[Stored data]

text \<open>Both estimators minimise the loss L_K(Sigma) = - ln det Sigma + tr(Sigma K) over a convex
  set cut out by linear constraints: the MLE (as a concentration matrix) with K = S, the MDE with
  K = Khat. Everything rests on the matrix inequality ln det B - ln det A \<le> tr(A^-1 B) - n, with
  equality only for B = A. Applied to A + tH against A and letting t tend to 0, it yields the
  first-order conditions (ii)-(vii). Conversely, a positive definite solution A of these conditions
  satisfies tr(A K) \<le> n and tr(A^-1 B) \<le> tr(B K) for the minimiser B, and then
  L_K(B) \<le> L_K(A) forces equality in the inequality, hence B = A. The inequality reduces, by a
  congruence taking A to the identity, to ln det C \<le> tr C - n, i.e. to ln x \<le> x - 1 for the
  diagonal entries after diagonalising C by symmetric Gaussian elimination, which has unit
  determinant and does not increase the trace.\<close>

section \<open>Matrix inverse, trace and congruence\<close>

lemma matrix_inv_right:
  fixes A :: "'a::field^'n::finite^'n"
  assumes "invertible A"
  shows "A ** matrix_inv A = mat 1"
  using someI_ex[OF assms[unfolded invertible_def]] by (simp add: matrix_inv_def)

lemma matrix_inv_left:
  fixes A :: "'a::field^'n::finite^'n"
  assumes "invertible A"
  shows "matrix_inv A ** A = mat 1"
  using matrix_inv_right[OF assms] matrix_left_right_inverse by blast

lemma matrix_inv_unique:
  fixes A B :: "'a::field^'n::finite^'n"
  assumes "A ** B = mat 1"
  shows "matrix_inv A = B"
proof -
  have inv: "invertible A"
    using assms invertible_right_inverse by blast
  have "matrix_inv A = matrix_inv A ** (A ** B)" by (simp add: assms)
  also have "\<dots> = B" by (simp add: matrix_mul_assoc matrix_inv_left[OF inv])
  finally show ?thesis .
qed

lemma matrix_inv_inv:
  fixes A :: "'a::field^'n::finite^'n"
  assumes "invertible A"
  shows "matrix_inv (matrix_inv A) = A"
  by (rule matrix_inv_unique) (rule matrix_inv_left[OF assms])

lemma transpose_add: "transpose (A + B) = transpose A + transpose (B::'a::plus^'n^'m)"
  by (simp add: transpose_def vec_eq_iff)

lemma matrix_add_rdistrib: "((A::'a::semiring_1^'n^'m) + B) ** C = A ** C + B ** C"
  by (simp add: matrix_matrix_mult_def vec_eq_iff distrib_right sum.distrib)

lemma trace_scaleR: "trace (c *\<^sub>R (A::real^'n^'n)) = c * trace A"
  by (simp add: trace_def sum_distrib_left)

lemma trace_matrix_mult:
  "trace ((A::'a::semiring_1^'n^'n) ** B) = (\<Sum>i\<in>UNIV. \<Sum>j\<in>UNIV. A$i$j * B$j$i)"
  by (simp add: trace_def matrix_matrix_mult_def)

lemma trace_matrix_mult_uminus_right: "trace ((A::'a::ring_1^'n^'n) ** - B) = - trace (A ** B)"
  by (simp add: trace_matrix_mult sum_negf)

lemma trace_matrix_mult_uminus_left: "trace (- B ** (A::'a::ring_1^'n^'n)) = - trace (B ** A)"
  by (simp add: trace_matrix_mult sum_negf)

lemma trace_mult_eq_on_support:
  fixes A A' B :: "'a::semiring_1^'n^'n"
  assumes "\<And>i j. B $ j $ i \<noteq> 0 \<Longrightarrow> A $ i $ j = A' $ i $ j"
  shows "trace (A ** B) = trace (A' ** B)"
  unfolding trace_matrix_mult using assms by (intro sum.cong refl) (metis mult_zero_right)

lemma congruence_diagonal_entry:
  fixes Q :: "'a::comm_semiring_1^'n::finite^'n" and d :: "'n \<Rightarrow> 'a"
  defines "Dg \<equiv> \<chi> i j. if i = j then d i else 0"
  shows "(transpose Dg ** Q ** Dg) $ i $ j = d i * Q $ i $ j * d j"
  by (simp add: Dg_def matrix_matrix_mult_def transpose_def
      if_distrib[of "\<lambda>x. x * _"] if_distrib[of "\<lambda>x. _ * x"] cong: if_cong)

lemma congruence_row_elimination_entry:
  fixes Q :: "'a::comm_ring_1^'n::finite^'n" and c :: "'a^'n" and a :: 'n
  defines "L \<equiv> \<chi> i j. (if i = j then 1 else 0) - (if i = a then c$j else 0)"
  shows "(transpose L ** Q ** L)$i$j = Q$i$j - c$i * Q$a$j - Q$i$a * c$j + Q$a$a * c$i * c$j"
proof -
  have LQ: "(transpose L ** Q)$i$k = Q$i$k - c$i * Q$a$k" for i k
  proof -
    have "(transpose L ** Q)$i$k
        = (\<Sum>l\<in>UNIV. (if l = i then Q$l$k else 0) - (if l = a then c$i * Q$l$k else 0))"
      by (simp add: matrix_matrix_mult_def transpose_def L_def left_diff_distrib
          if_distrib[of "\<lambda>x. x * _"] cong: if_cong)
    then show ?thesis by (simp add: sum_subtractf)
  qed
  have "(transpose L ** Q ** L)$i$j = (\<Sum>k\<in>UNIV. (transpose L ** Q)$i$k * L$k$j)"
    unfolding matrix_matrix_mult_def[of "transpose L ** Q" L] by simp
  also have "\<dots> = (\<Sum>k\<in>UNIV. (if k = j then Q$i$k - c$i * Q$a$k else 0)
                        - (if k = a then (Q$i$k - c$i * Q$a$k) * c$j else 0))"
    unfolding LQ
    by (simp add: L_def right_diff_distrib if_distrib[of "\<lambda>x. _ * x"] cong: if_cong)
  finally show ?thesis by (simp add: sum_subtractf algebra_simps)
qed

lemma det_row_elimination:
  fixes c :: "'a::field^'n::finite"
  assumes "c$a = 0"
  shows "det (\<chi> i j. (if i = j then 1 else 0) - (if i = a then c$j else 0)) = 1"
proof -
  have "-c = (\<Sum>j\<in>UNIV - {a}. (-c$j) *s row j (mat 1::'a^'n^'n))"
    by (auto simp: vec_eq_iff sum_component row_def mat_def assms if_distrib cong: if_cong)
  also have "\<dots> \<in> vec.span {row j (mat 1::'a^'n^'n) |j. j \<noteq> a}"
    by (intro vec.span_sum vec.span_scale vec.span_base) auto
  finally have "-c \<in> vec.span {row j (mat 1::'a^'n^'n) |j. j \<noteq> a}" .
  moreover have "(\<chi> i j. (if i = j then 1 else 0) - (if i = a then c$j else 0))
      = (\<chi> k. if k = a then row a (mat 1) + (-c) else row k (mat 1))"
    by (auto simp: vec_eq_iff row_def mat_def)
  ultimately show ?thesis using det_row_span[of "-c" "mat 1" a] by simp
qed

section \<open>Positive definite matrices\<close>

lemma pos_def_mat_symmetric: "pos_def_mat A \<Longrightarrow> transpose A = A"
  by (simp add: pos_def_mat_def)

lemma pos_def_mat_entry_sym:
  assumes "pos_def_mat A"
  shows "A $ i $ j = A $ j $ i"
proof -
  have "transpose A $ j $ i = A $ j $ i"
    using pos_def_mat_symmetric[OF assms] by simp
  then show ?thesis by (simp add: transpose_def)
qed

lemma pos_def_mat_diag_pos:
  fixes Q :: "real^'n::finite^'n"
  assumes "pos_def_mat Q"
  shows "0 < Q $ a $ a"
proof -
  have "0 < axis a 1 \<bullet> (Q *v axis a 1)"
    using assms unfolding pos_def_mat_def by (metis axis_eq_0_iff zero_neq_one)
  also have "axis a 1 \<bullet> (Q *v axis a 1) = Q $ a $ a"
    unfolding inner_axis'
    by (simp add: matrix_vector_mult_def axis_def if_distrib[of "\<lambda>x. _ * x"] cong: if_cong)
  finally show ?thesis .
qed

lemma pos_def_mat_congruence:
  fixes L Q :: "real^'n::finite^'n"
  assumes Q: "pos_def_mat Q" and L: "invertible L"
  shows "pos_def_mat (transpose L ** Q ** L)"
  unfolding pos_def_mat_def
proof safe
  show "transpose (transpose L ** Q ** L) = transpose L ** Q ** L"
    using pos_def_mat_symmetric[OF Q] by (simp add: matrix_transpose_mul matrix_mul_assoc)
next
  fix x :: "real^'n"
  assume "x \<noteq> 0"
  then have "L *v x \<noteq> 0"
    using inj_matrix_vector_mult[OF L] by (metis injD matrix_vector_mult_0_right)
  then have "0 < (L *v x) \<bullet> (Q *v (L *v x))"
    using Q unfolding pos_def_mat_def by blast
  also have "(L *v x) \<bullet> (Q *v (L *v x)) = x \<bullet> ((transpose L ** Q ** L) *v x)"
    by (simp add: matrix_vector_mul_assoc[symmetric] dot_lmul_matrix[symmetric]
        del: transpose_matrix_vector)
  finally show "0 < x \<bullet> ((transpose L ** Q ** L) *v x)" .
qed

definition diagonal_rows :: "'n::finite set \<Rightarrow> real^'n^'n \<Rightarrow> bool" where
  "diagonal_rows D Q \<longleftrightarrow> (\<forall>i\<in>D. \<forall>j. j \<noteq> i \<longrightarrow> Q $ i $ j = 0)"

text \<open>Subtracting multiples of row and column a clears row a, keeps the rows in D cleared, and
  lowers the trace by Q_aa times the squared length of the multiplier vector c.\<close>

lemma pos_def_mat_eliminate_row:
  fixes Q :: "real^'n::finite^'n"
  assumes Q: "pos_def_mat Q" and D: "diagonal_rows D Q"
  obtains L where "det L = 1" "diagonal_rows (insert a D) (transpose L ** Q ** L)"
    "trace (transpose L ** Q ** L) < trace Q \<or> transpose L ** Q ** L = Q"
proof -
  define c :: "real^'n" where "c = (\<chi> j. if j = a then 0 else Q$a$j / Q$a$a)"
  define L :: "real^'n^'n" where "L = (\<chi> i j. (if i = j then 1 else 0) - (if i = a then c$j else 0))"
  define Q' where "Q' = transpose L ** Q ** L"
  have qaa: "Q$a$a > 0" by (rule pos_def_mat_diag_pos[OF Q])
  have sym: "\<And>i j. Q$i$j = Q$j$i" using pos_def_mat_entry_sym[OF Q] .
  have ca: "c$a = 0" by (simp add: c_def)
  have Q'_entry: "Q'$i$j = Q$i$j - c$i * Q$a$j - Q$i$a * c$j + Q$a$a * c$i * c$j" for i j
    unfolding Q'_def L_def by (rule congruence_row_elimination_entry)
  have "det L = 1"
    unfolding L_def by (rule det_row_elimination[OF ca])
  moreover have "diagonal_rows (insert a D) Q'"
    unfolding diagonal_rows_def
  proof (intro ballI allI impI)
    fix i j assume i: "i \<in> insert a D" and "j \<noteq> i"
    show "Q'$i$j = 0"
    proof (cases "i = a")
      case True
      then show ?thesis using \<open>j \<noteq> i\<close> qaa by (simp add: Q'_entry ca c_def)
    next
      case False
      then have "i \<in> D" using i by simp
      then have "Q$i$a = 0" "Q$i$j = 0" using D False \<open>j \<noteq> i\<close> by (auto simp: diagonal_rows_def)
      moreover have "c$i = 0" using \<open>Q$i$a = 0\<close> sym[of a i] by (simp add: c_def)
      ultimately show ?thesis by (simp add: Q'_entry)
    qed
  qed
  moreover have "trace Q' < trace Q \<or> Q' = Q"
  proof -
    have "Q'$j$j = Q$j$j - Q$a$a * (c$j)^2" for j
      using qaa sym[of j a] by (cases "j = a") (auto simp: Q'_entry c_def ca power2_eq_square)
    then have trace: "trace Q' = trace Q - Q$a$a * (\<Sum>j\<in>UNIV. (c$j)^2)"
      by (simp add: trace_def sum_subtractf sum_distrib_left)
    show ?thesis
    proof (cases "c = 0")
      case True
      then show ?thesis by (simp add: vec_eq_iff Q'_entry)
    next
      case False
      then obtain j where "c$j \<noteq> 0" by (auto simp: vec_eq_iff)
      then have "0 < (\<Sum>j\<in>UNIV. (c$j)^2)"
        by (intro sum_pos2[of UNIV j]) auto
      then show ?thesis using trace qaa by simp
    qed
  qed
  ultimately show ?thesis using that unfolding Q'_def by blast
qed

lemma pos_def_mat_unit_congruent_diagonal_rows:
  fixes Q :: "real^'n::finite^'n"
  assumes Q: "pos_def_mat Q" and "finite D"
  shows "\<exists>L. det L = 1 \<and> diagonal_rows D (transpose L ** Q ** L) \<and>
           (trace (transpose L ** Q ** L) < trace Q \<or> transpose L ** Q ** L = Q)"
  using \<open>finite D\<close>
proof (induction D rule: finite_induct)
  case empty
  show ?case by (intro exI[of _ "mat 1"]) (simp add: diagonal_rows_def)
next
  case (insert a D)
  then obtain L where L: "det L = 1" "diagonal_rows D (transpose L ** Q ** L)"
    "trace (transpose L ** Q ** L) < trace Q \<or> transpose L ** Q ** L = Q"
    by blast
  have "pos_def_mat (transpose L ** Q ** L)"
    using L(1) by (intro pos_def_mat_congruence[OF Q]) (simp add: invertible_det_nz)
  then obtain M where M: "det M = 1"
    "diagonal_rows (insert a D) (transpose M ** (transpose L ** Q ** L) ** M)"
    "trace (transpose M ** (transpose L ** Q ** L) ** M) < trace (transpose L ** Q ** L) \<or>
     transpose M ** (transpose L ** Q ** L) ** M = transpose L ** Q ** L"
    using pos_def_mat_eliminate_row L(2) by blast
  have "transpose (L ** M) ** Q ** (L ** M) = transpose M ** (transpose L ** Q ** L) ** M"
    by (simp add: matrix_transpose_mul matrix_mul_assoc)
  then show ?case
    using L(1,3) M by (intro exI[of _ "L ** M"]) (auto simp: det_mul)
qed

- WHAT IS NEEDED
From the records above, reproduce exactly the lines from the one with "(c *\<^sub>R (A::real^'n^'n))" to the one with "and a :: 'n", both included, and no others.

- RESULT OF THE EXERCISE
lemma trace_scaleR: "trace (c *\<^sub>R (A::real^'n^'n)) = c * trace A"
  by (simp add: trace_def sum_distrib_left)

lemma trace_matrix_mult:
  "trace ((A::'a::semiring_1^'n^'n) ** B) = (\<Sum>i\<in>UNIV. \<Sum>j\<in>UNIV. A$i$j * B$j$i)"
  by (simp add: trace_def matrix_matrix_mult_def)

lemma trace_matrix_mult_uminus_right: "trace ((A::'a::ring_1^'n^'n) ** - B) = - trace (A ** B)"
  by (simp add: trace_matrix_mult sum_negf)

lemma trace_matrix_mult_uminus_left: "trace (- B ** (A::'a::ring_1^'n^'n)) = - trace (B ** A)"
  by (simp add: trace_matrix_mult sum_negf)

lemma trace_mult_eq_on_support:
  fixes A A' B :: "'a::semiring_1^'n^'n"
  assumes "\<And>i j. B $ j $ i \<noteq> 0 \<Longrightarrow> A $ i $ j = A' $ i $ j"
  shows "trace (A ** B) = trace (A' ** B)"
  unfolding trace_matrix_mult using assms by (intro sum.cong refl) (metis mult_zero_right)

lemma congruence_diagonal_entry:
  fixes Q :: "'a::comm_semiring_1^'n::finite^'n" and d :: "'n \<Rightarrow> 'a"
  defines "Dg \<equiv> \<chi> i j. if i = j then d i else 0"
  shows "(transpose Dg ** Q ** Dg) $ i $ j = d i * Q $ i $ j * d j"
  by (simp add: Dg_def matrix_matrix_mult_def transpose_def
      if_distrib[of "\<lambda>x. x * _"] if_distrib[of "\<lambda>x. _ * x"] cong: if_cong)

lemma congruence_row_elimination_entry:
  fixes Q :: "'a::comm_ring_1^'n::finite^'n" and c :: "'a^'n" and a :: 'n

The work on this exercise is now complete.